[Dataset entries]
○ ○ ○ ○

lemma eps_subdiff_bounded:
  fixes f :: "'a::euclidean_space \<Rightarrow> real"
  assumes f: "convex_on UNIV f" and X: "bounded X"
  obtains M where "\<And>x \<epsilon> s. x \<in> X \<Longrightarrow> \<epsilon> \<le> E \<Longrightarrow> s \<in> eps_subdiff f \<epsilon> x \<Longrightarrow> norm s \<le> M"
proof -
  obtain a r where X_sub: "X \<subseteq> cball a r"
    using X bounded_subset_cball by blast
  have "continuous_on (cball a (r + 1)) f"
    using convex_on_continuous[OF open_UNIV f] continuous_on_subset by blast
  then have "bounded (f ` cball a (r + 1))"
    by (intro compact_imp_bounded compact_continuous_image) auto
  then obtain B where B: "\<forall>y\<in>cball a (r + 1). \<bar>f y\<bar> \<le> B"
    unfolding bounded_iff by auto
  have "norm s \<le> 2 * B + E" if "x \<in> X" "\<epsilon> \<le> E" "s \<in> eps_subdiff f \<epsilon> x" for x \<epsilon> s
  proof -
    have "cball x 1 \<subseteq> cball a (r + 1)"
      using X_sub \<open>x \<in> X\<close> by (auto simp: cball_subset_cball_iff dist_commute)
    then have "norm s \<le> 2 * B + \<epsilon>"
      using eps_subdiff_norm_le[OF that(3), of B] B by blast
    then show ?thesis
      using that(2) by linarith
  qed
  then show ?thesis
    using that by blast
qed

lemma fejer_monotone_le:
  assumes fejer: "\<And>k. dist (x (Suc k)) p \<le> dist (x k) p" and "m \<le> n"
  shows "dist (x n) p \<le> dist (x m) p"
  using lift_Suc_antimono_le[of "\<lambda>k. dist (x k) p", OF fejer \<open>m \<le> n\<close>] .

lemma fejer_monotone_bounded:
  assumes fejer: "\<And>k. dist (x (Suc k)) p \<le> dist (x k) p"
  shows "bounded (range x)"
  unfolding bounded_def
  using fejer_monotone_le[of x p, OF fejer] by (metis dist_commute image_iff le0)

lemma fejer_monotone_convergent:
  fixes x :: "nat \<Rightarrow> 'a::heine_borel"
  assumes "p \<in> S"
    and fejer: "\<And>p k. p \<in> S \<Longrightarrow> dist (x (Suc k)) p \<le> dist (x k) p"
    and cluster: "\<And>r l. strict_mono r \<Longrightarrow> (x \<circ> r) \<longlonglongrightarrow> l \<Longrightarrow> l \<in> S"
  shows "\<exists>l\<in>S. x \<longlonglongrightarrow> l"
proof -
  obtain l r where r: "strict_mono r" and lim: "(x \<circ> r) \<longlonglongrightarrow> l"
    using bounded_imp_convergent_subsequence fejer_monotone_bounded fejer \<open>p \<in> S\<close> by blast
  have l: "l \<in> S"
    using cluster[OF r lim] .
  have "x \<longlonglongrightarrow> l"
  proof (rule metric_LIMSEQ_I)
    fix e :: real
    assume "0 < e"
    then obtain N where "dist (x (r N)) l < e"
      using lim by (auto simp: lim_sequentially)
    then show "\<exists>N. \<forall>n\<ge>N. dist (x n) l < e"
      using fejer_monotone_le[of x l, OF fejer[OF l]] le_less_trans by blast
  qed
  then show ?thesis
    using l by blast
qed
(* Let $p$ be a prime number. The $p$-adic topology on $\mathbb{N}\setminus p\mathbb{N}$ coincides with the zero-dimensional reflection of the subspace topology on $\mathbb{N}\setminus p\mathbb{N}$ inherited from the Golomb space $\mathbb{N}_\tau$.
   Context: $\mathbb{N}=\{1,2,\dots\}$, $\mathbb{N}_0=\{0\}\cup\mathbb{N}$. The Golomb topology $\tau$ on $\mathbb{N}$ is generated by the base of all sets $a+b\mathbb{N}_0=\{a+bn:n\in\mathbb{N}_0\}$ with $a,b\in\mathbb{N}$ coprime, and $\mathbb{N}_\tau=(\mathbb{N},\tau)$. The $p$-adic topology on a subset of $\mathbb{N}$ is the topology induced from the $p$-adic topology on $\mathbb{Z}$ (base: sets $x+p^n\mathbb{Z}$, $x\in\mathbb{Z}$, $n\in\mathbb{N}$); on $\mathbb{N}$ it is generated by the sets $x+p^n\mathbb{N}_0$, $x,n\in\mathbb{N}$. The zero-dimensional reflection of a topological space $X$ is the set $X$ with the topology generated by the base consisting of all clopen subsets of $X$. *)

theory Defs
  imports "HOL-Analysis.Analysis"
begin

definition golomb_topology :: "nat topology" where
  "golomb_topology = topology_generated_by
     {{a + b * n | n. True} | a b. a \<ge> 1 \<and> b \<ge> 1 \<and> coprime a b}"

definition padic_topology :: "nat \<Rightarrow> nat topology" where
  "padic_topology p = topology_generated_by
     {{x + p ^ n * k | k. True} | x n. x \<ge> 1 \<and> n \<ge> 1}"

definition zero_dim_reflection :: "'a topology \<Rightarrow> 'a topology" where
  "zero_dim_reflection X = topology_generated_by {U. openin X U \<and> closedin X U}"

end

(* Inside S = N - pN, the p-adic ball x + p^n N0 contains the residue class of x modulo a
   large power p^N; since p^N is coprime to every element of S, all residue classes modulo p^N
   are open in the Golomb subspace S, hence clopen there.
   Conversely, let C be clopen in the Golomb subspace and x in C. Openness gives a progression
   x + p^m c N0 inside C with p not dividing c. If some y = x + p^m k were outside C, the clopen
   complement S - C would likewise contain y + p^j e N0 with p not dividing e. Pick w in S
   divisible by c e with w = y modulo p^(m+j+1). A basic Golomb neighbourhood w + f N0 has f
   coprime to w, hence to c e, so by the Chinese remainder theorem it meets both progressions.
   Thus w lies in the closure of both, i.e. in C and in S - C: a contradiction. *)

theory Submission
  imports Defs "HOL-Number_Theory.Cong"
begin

○ ○ ○ ○

> [WORK ITEM] Write out exactly the lines above from the line with "proof (rule metric_LIMSEQ_I)" through the line with "(* Let $p$ be", both of them included, and leave out all other lines.

> [WRITTEN REPLY]
  proof (rule metric_LIMSEQ_I)
    fix e :: real
    assume "0 < e"
    then obtain N where "dist (x (r N)) l < e"
      using lim by (auto simp: lim_sequentially)
    then show "\<exists>N. \<forall>n\<ge>N. dist (x n) l < e"
      using fejer_monotone_le[of x l, OF fejer[OF l]] le_less_trans by blast
  qed
  then show ?thesis
    using l by blast
qed
(* Let $p$ be a prime number. The $p$-adic topology on $\mathbb{N}\setminus p\mathbb{N}$ coincides with the zero-dimensional reflection of the subspace topology on $\mathbb{N}\setminus p\mathbb{N}$ inherited from the Golomb space $\mathbb{N}_\tau$.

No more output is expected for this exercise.